Currently twelve tertiary care institutions including Lady Reading Hospital Peshawar, Ayub Medical College Hospital Abbottabad, Gulab Devi Hospital Lahore, Mayo Hospital Lahore, Leprosy Hospital Rawalpindi, Nishtar Medical College Hospital Multan, Samli Hospital Murree, Ojha Institute of Chest Diseases Karachi, Indus Hospital Karachi, Ghulam Muhammad Mahar Hospital Sukkur, Institute of Chest Diseases Kotri and Fatima Jinnah Hospital Quetta are providing MDR-TB services and currently 1,100 patients have been enrolled on treatment for a period of two years or more. Thus far 600 patients have completed treatment.
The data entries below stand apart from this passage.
definition is_binomial :: "('k::field) tpoly \<Rightarrow> bool" where
  "is_binomial p \<longleftrightarrow> (\<exists>u v. p = binom u v)"

definition mdvd :: "(nat set \<Rightarrow>\<^sub>0 nat) \<Rightarrow> (nat set \<Rightarrow>\<^sub>0 nat) \<Rightarrow> bool" where
  "mdvd u' u \<longleftrightarrow> (\<forall>e. Poly_Mapping.lookup u' e \<le> Poly_Mapping.lookup u e)"

definition primitive :: "('k::field) itself \<Rightarrow> nat set set \<Rightarrow> (nat set \<Rightarrow>\<^sub>0 nat) \<Rightarrow> (nat set \<Rightarrow>\<^sub>0 nat) \<Rightarrow> bool" where
  "primitive _ E u v \<longleftrightarrow> u \<noteq> v \<and> (binom u v :: 'k tpoly) \<in> toric_ideal E \<and>
     \<not> (\<exists>u' v'. u' \<noteq> v' \<and> (u', v') \<noteq> (u, v) \<and> (binom u' v' :: 'k tpoly) \<in> toric_ideal E
          \<and> mdvd u' u \<and> mdvd v' v)"

definition graver_basis :: "nat set set \<Rightarrow> ('k::field) tpoly set" where
  "graver_basis E = {binom u v | u v. primitive TYPE('k) E u v}"

definition minimal_gen_set :: "nat set set \<Rightarrow> ('k::field) tpoly set \<Rightarrow> bool" where
  "minimal_gen_set E B \<longleftrightarrow> B \<subseteq> toric_ideal E \<and> ideal_gen E B = toric_ideal E \<and>
     (\<forall>g\<in>B. ideal_gen E (B - {g}) \<noteq> toric_ideal E)"

text \<open>The Graver basis is the unique minimal generating set: choosing one sign
  from each pair +-g of Graver elements gives a minimal generating set, and every
  minimal binomial generating set coincides with the Graver basis up to signs.\<close>
definition unique_minimal_gen_set :: "nat set set \<Rightarrow> ('k::field) tpoly set \<Rightarrow> bool" where
  "unique_minimal_gen_set E G \<longleftrightarrow>
     ideal_gen E G = toric_ideal E \<and>
     (\<forall>S. S \<union> uminus ` S = G \<union> uminus ` G \<and> (\<forall>g\<in>S. - g \<notin> S) \<longrightarrow> minimal_gen_set E S) \<and>
     (\<forall>B. (\<forall>b\<in>B. is_binomial b) \<and> minimal_gen_set E B \<longrightarrow>
          B \<union> uminus ` B = G \<union> uminus ` G)"

end

theory Submission
  imports Defs
begin

text \<open>
  In a 2-regular hypergraph every edge e meets some other edge f in a vertex j, and the exponent
  of x_j in the image of t^m is m_e + m_f. For a primitive binomial t^a - t^b the exponent vectors
  a and b have disjoint supports; comparing them at the shared vertices shows that they are
  squarefree and that every monomial t^m of the same degree satisfies m <= a + b, so primitivity
  leaves only m = a or m = b. A primitive binomial with the two-element fiber {a, b} cannot be
  written as a combination of other binomials of I_H, because no such binomial, multiplied by
  any polynomial, produces the monomial t^a. Since the Graver basis generates I_H, it is then
  the unique minimal generating set.
\<close>

type_synonym tmono = "nat set \<Rightarrow>\<^sub>0 nat"
lemma word_trace_recursion:
  assumes c: "c < length w" "w ! c = creation_vertex"
  shows "(1 - fps_const (tt ^ upper_count w) * fps_X) * word_trace w =
    (\<Sum>k \<in> {..<length w} - {c}.
       fps_const (exchange_coeff (w ! k) * tt ^ card {x \<in> between (length w) k c. has_upper (w ! x)})
       * fps_X ^ (if c < k then 1 else 0)
       * word_trace (w[c := empty_vertex, k := exchange_vertex (w ! k)]))"
    (is "_ = sum ?f _")
proof -
  define X Y where "X = take c w" and "Y = drop (Suc c) w"
  have w: "w = X @ creation_vertex # Y"
    using c id_take_nth_drop[OF c(1)] by (simp add: X_def Y_def)
  have lenX: "length X = c" and lenY: "length w = Suc c + length Y"
    using c by (simp_all add: X_def Y_def)
  have empty_id: "vertex_op empty_vertex = id"
    by (simp add: vertex_op_def Sv_def)
  have "sum ?f ({..<length w} - {c}) = (\<Sum>p<c. ?f p) + (\<Sum>p<length Y. ?f (Suc c + p))"
  proof -
    have len_rest: "length w - Suc c = length Y"
      using lenY by simp
    show ?thesis
      unfolding sum_lessThan_remove_split[OF c(1)] len_rest ..
  qed
  also have "(\<Sum>p<c. ?f p) =
      (\<Sum>p<length X. fps_const (exchange_coeff (X ! p) * tt ^ upper_count (drop (Suc p) X))
         * word_trace (X[p := exchange_vertex (X ! p)] @ Y))"
  proof (rule sum.cong)
    fix p assume "p \<in> {..<length X}"
    then have p: "p < c" using lenX by simp
    have "w[c := empty_vertex, p := exchange_vertex (w ! p)] = X[p := exchange_vertex (X ! p)] @ empty_vertex # Y"
      using p lenX by (simp add: w list_update_append nth_append)
    moreover have "between (length w) p c = {Suc p..<c}"
      using p by (simp add: between_def atLeastSucLessThan_greaterThanLessThan)
    ultimately show "?f p = fps_const (exchange_coeff (X ! p) * tt ^ upper_count (drop (Suc p) X))
        * word_trace (X[p := exchange_vertex (X ! p)] @ Y)"
      using p c by (simp add: X_def upper_count_drop_take word_trace_remove_id[OF empty_id])
  qed (simp add: lenX)
  also have "(\<Sum>p<length Y. ?f (Suc c + p)) = fps_X * fps_const (tt ^ upper_count X) *
      (\<Sum>p<length Y. fps_const (exchange_coeff (Y ! p) * tt ^ upper_count (drop (Suc p) Y))
         * word_trace (X @ Y[p := exchange_vertex (Y ! p)]))"
    unfolding sum_distrib_left
  proof (rule sum.cong)
    fix p assume "p \<in> {..<length Y}"
    then have p: "Suc c + p < length w" using lenY by simp
    have upd: "w[c := empty_vertex, Suc c + p := exchange_vertex (w ! (Suc c + p))] =
        X @ empty_vertex # Y[p := exchange_vertex (Y ! p)]"
      using lenX by (simp add: w list_update_append nth_append)
    have count_X: "upper_count X = card {x \<in> {0..<c}. has_upper (w ! x)}"
      using upper_count_drop_take[of c w 0] c(1) by (simp add: X_def)
    have count_Y: "upper_count (drop (Suc p) Y) = card {x \<in> {Suc (Suc c + p)..<length w}. has_upper (w ! x)}"
      using upper_count_drop_take[of "length w" w "Suc (Suc c + p)"] by (simp add: Y_def add.commute)
    have cnt: "card {x \<in> between (length w) (Suc c + p) c. has_upper (w ! x)} =
        upper_count (drop (Suc p) Y) + upper_count X"
      unfolding count_X count_Y using card_filter_between_wrap[of c "Suc c + p" "length w"] p by simp
    show "?f (Suc c + p) = fps_X * fps_const (tt ^ upper_count X) *
        (fps_const (exchange_coeff (Y ! p) * tt ^ upper_count (drop (Suc p) Y))
         * word_trace (X @ Y[p := exchange_vertex (Y ! p)]))"
      using c upd cnt by (simp add: Y_def word_trace_remove_id[OF empty_id] power_add mult_ac
          fps_const_mult[symmetric] del: fps_const_mult)
  qed simp
  finally show ?thesis
    using word_trace_recursion_split[OF w] by simp
qed

lemma word_op_diagonal:
  "\<forall>z \<in> set w. z = empty_vertex \<or> z = (0, 1, 0, 1) \<Longrightarrow> word_op w v = (\<lambda>e. (tt ^ e) ^ upper_count w * v e)"
  by (induction w arbitrary: v)
    (auto simp: vertex_op_def Sv_def kop_def has_upper_def fun_eq_iff power_add mult_ac)

lemma geometric_fps: "(1 - fps_const (c::'a::field) * fps_X) * Abs_fps (\<lambda>d. c ^ d) = 1"
proof -
  have "(1 - fps_const c * fps_X) * Abs_fps (\<lambda>d. c ^ d) =
      Abs_fps (\<lambda>d. c ^ d) - fps_X * (fps_const c * Abs_fps (\<lambda>d. c ^ d))"
    by (simp add: algebra_simps)
  also have "\<dots> = 1"
  proof (rule fps_ext)
    fix n show "fps_nth (Abs_fps (\<lambda>d. c ^ d) - fps_X * (fps_const c * Abs_fps (\<lambda>d. c ^ d))) n = fps_nth 1 n"
      by (cases n) simp_all
  qed
  finally show ?thesis .
qed

lemma word_trace_diagonal:
  assumes "\<forall>z \<in> set w. z = empty_vertex \<or> z = (0, 1, 0, 1)"
  shows "(1 - fps_const (tt ^ upper_count w) * fps_X) * word_trace w = 1"
proof -
  have "word_trace w = Abs_fps (\<lambda>d. (tt ^ upper_count w) ^ d)"
    using word_op_diagonal[OF assms]
    by (simp add: word_trace_def trace_qh_def basis_def power_mult[symmetric] mult.commute)
  then show ?thesis using geometric_fps by simp
qed

section \<open>Pairings\<close>

text \<open>A recursive reading of \<open>valid_pairing\<close>: the first lower ball \<open>c\<close> picks an upper ball
  \<open>d\<close> from the free set \<open>F\<close>, and the remaining lower balls are paired with \<open>F - {d}\<close>.\<close>

fun is_pairing :: "nat list \<Rightarrow> nat set \<Rightarrow> nat list \<Rightarrow> bool" where
  "is_pairing [] F [] = True"
| "is_pairing (c # cl) F (d # ds) = (d \<in> F \<and> (c \<in> F \<longrightarrow> d = c) \<and> is_pairing cl (F - {d}) ds)"
| "is_pairing _ _ _ = False"

fun pairing_weight :: "nat \<Rightarrow> nat list \<Rightarrow> nat set \<Rightarrow> nat list \<Rightarrow> K fps" where
  "pairing_weight L (c # cl) F (d # ds) = choice_wt L c d F * pairing_weight L cl (F - {d}) ds"
| "pairing_weight L _ _ _ = 1"

definition pairing_sum :: "nat \<Rightarrow> nat list \<Rightarrow> nat set \<Rightarrow> nat set \<Rightarrow> K fps" where
  "pairing_sum L cl F A = (\<Sum>ds \<in> {ds. is_pairing cl F ds \<and> set ds = A}. pairing_weight L cl F ds)"

lemma is_pairing_iff_nth:
  "is_pairing cl F ds \<longleftrightarrow> length ds = length cl \<and>
     (\<forall>k < length ds. let G = F - set (take k ds) in ds ! k \<in> G \<and> (cl ! k \<in> G \<longrightarrow> ds ! k = cl ! k))"
proof (induction ds arbitrary: cl F)
  case Nil
  then show ?case by (cases cl) auto
next
  case (Cons d ds)
  have free: "F - set (take (Suc k) (d # ds)) = F - {d} - set (take k ds)" for k
    by auto
  show ?case
  proof (cases cl)
    case (Cons c cl')
    have "(\<forall>k < length (d # ds). let G = F - set (take k (d # ds)) in (d # ds) ! k \<in> G \<and> (cl ! k \<in> G \<longrightarrow> (d # ds) ! k = cl ! k))
      \<longleftrightarrow> d \<in> F \<and> (c \<in> F \<longrightarrow> d = c) \<and>
         (\<forall>k < length ds. let G = F - {d} - set (take k ds) in ds ! k \<in> G \<and> (cl' ! k \<in> G \<longrightarrow> ds ! k = cl' ! k))"
      unfolding All_less_Suc2 length_Cons free by (simp add: Cons)
    then show ?thesis using Cons.IH by (simp add: Cons) blast
  qed simp
qed

lemma valid_pairing_iff: "valid_pairing L i j ds \<longleftrightarrow> is_pairing (lower_list L i) (balls L j) ds"
  by (simp add: valid_pairing_def is_pairing_iff_nth Let_def)
(* If $L\subseteq\Sigma^*$ is a Boolean combination of bounded languages, then $L\in\mathcal{L}(\mathsf{FC})$ if and only if $L\in\mathcal{L}(\mathsf{FC}[\mathsf{REG}])$.
   Context: $\Sigma$ is a fixed finite alphabet. For $w \in \Sigma^*$, $\mathsf{Facs}(w)$ is the set of all factors of $w$. The structure $\mathfrak{A}_w$ representing $w$ has universe $\mathsf{Facs}(w)\cup\{\perp\}$, a ternary relation $R_\circ=\{(x,y,z)\in\mathsf{Facs}(w)^3 : x=y\cdot z\}$, for each letter a constant interpreted as that letter if it occurs in $w$ and as $\perp$ otherwise, and a constant $\varepsilon$ interpreted as the empty word. $\mathsf{FC}$ is first-order logic over such structures, with atomic formulas $(x \mathbin{\dot=} y\cdot z)$ (meaning $R_\circ(x,y,z)$) where $x,y,z$ are variables, letters of $\Sigma$, or $\varepsilon$, closed under $\land,\lor,\neg,\exists,\forall$; quantified variables range over $\mathsf{Facs}(w)$. $\mathsf{FC}[\mathsf{REG}]$ extends $\mathsf{FC}$ with atomic regular constraints $(x \mathbin{\dot\in}\gamma)$, $\gamma$ a regular expression, which hold under an assignment $\sigma$ in $\mathfrak{A}_w$ iff $\sigma(x)$ is a factor of $w$ and $\sigma(x)\in\mathcal{L}(\gamma)$. For a sentence $\varphi$, $\mathcal{L}(\varphi)=\{w\in\Sigma^*:\mathfrak{A}_w\models\varphi\}$; $\mathcal{L}(\mathsf{FC})$ and $\mathcal{L}(\mathsf{FC}[\mathsf{REG}])$ are the classes of languages defined by sentences of the respective logics. A language $L\subseteq\Sigma^*$ is bounded if $L\subseteq w_1^*w_2^*\cdots w_n^*$ for some $n\in\mathbb{N}$ and $w_1,\dots,w_n\in\Sigma^*$. *)

theory Defs
  imports Main
begin

definition facs :: "'a list \<Rightarrow> 'a list set" where
  "facs w = {v. \<exists>x y. w = x @ v @ y}"

definition conc :: "'a list set \<Rightarrow> 'a list set \<Rightarrow> 'a list set" where
  "conc A B = {x @ y | x y. x \<in> A \<and> y \<in> B}"

fun lpow :: "'a list set \<Rightarrow> nat \<Rightarrow> 'a list set" where
  "lpow A 0 = {[]}"
| "lpow A (Suc n) = conc A (lpow A n)"

definition lstar :: "'a list set \<Rightarrow> 'a list set" where
  "lstar A = (\<Union>n. lpow A n)"

datatype 'a rexp = RZero | REps | RAtom 'a | RPlus "'a rexp" "'a rexp"
  | RTimes "'a rexp" "'a rexp" | RStar "'a rexp"

fun rlang :: "'a rexp \<Rightarrow> 'a list set" where
  "rlang RZero = {}"
| "rlang REps = {[]}"
| "rlang (RAtom a) = {[a]}"
| "rlang (RPlus r s) = rlang r \<union> rlang s"
| "rlang (RTimes r s) = conc (rlang r) (rlang s)"
| "rlang (RStar r) = lstar (rlang r)"

datatype 'a fcterm = Var nat | Let 'a | Eps
definition tau :: "'w measure \<Rightarrow> 'a set \<Rightarrow> ('a \<times> 'a) set \<Rightarrow> ('a \<Rightarrow> ('a \<Rightarrow> bool) \<Rightarrow> 'w \<Rightarrow> bool) \<Rightarrow> ('a \<Rightarrow> 'w \<Rightarrow> bool) \<Rightarrow> 'a \<Rightarrow> real" where
  "tau M N E rho Y0 j = (\<Sum>i\<in>{i\<in>N. (i, j) \<in> E}.
      \<integral>\<omega>. of_bool (ystar rho Y0 i j True \<omega>) - of_bool (ystar rho Y0 i j False \<omega>) \<partial>M)"

definition DD :: "'w measure \<Rightarrow> 'a set \<Rightarrow> ('a \<times> 'a) set \<Rightarrow> ('a \<Rightarrow> ('a \<Rightarrow> bool) \<Rightarrow> 'w \<Rightarrow> bool) \<Rightarrow> ('a \<Rightarrow> 'w \<Rightarrow> bool) \<Rightarrow> real" where
  "DD M N E rho Y0 = (\<Sum>j\<in>N. wt M N Y0 j * tau M N E rho Y0 j)"

text \<open>E[Z | Y_{i,0} = 0] := E[Z (1 - Y_{i,0})] / (1 - mu_{i,0}).\<close>
definition tauI :: "'w measure \<Rightarrow> 'a set \<Rightarrow> ('a \<times> 'a) set \<Rightarrow> ('a \<Rightarrow> ('a \<Rightarrow> bool) \<Rightarrow> 'w \<Rightarrow> bool) \<Rightarrow> ('a \<Rightarrow> 'w \<Rightarrow> bool) \<Rightarrow> 'a \<Rightarrow> real" where
  "tauI M N E rho Y0 j = (\<Sum>i\<in>{i\<in>N. (i, j) \<in> E}.
      (\<integral>\<omega>. (of_bool (ystar rho Y0 i j True \<omega>) - of_bool (ystar rho Y0 i j False \<omega>))
              * (1 - of_bool (Y0 i \<omega>)) \<partial>M) / (1 - mu0 M Y0 i))"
However, now with the medicines in place with GFATM support, the expansion plan was being developed to enrol over 3,000 patients every year.
Dr Kazi expressed the hope that the long delayed process of project approval and release of funds for TB control would be resolved soon at the federal and provincial levels enabling the public sector to meet the core requirements of the programme, and ensuring sustainability of the process without undue reliance on external agencies. It was time that the government translated its high level commitment in concrete terms and put the activities of the TB control mechanisms on an even keel, he said. Our deliberations with the Planning Commission, Ministry of Inter-Provincial Coordination, provincial Planning and Development and Health departments have been most positive thus far, he added.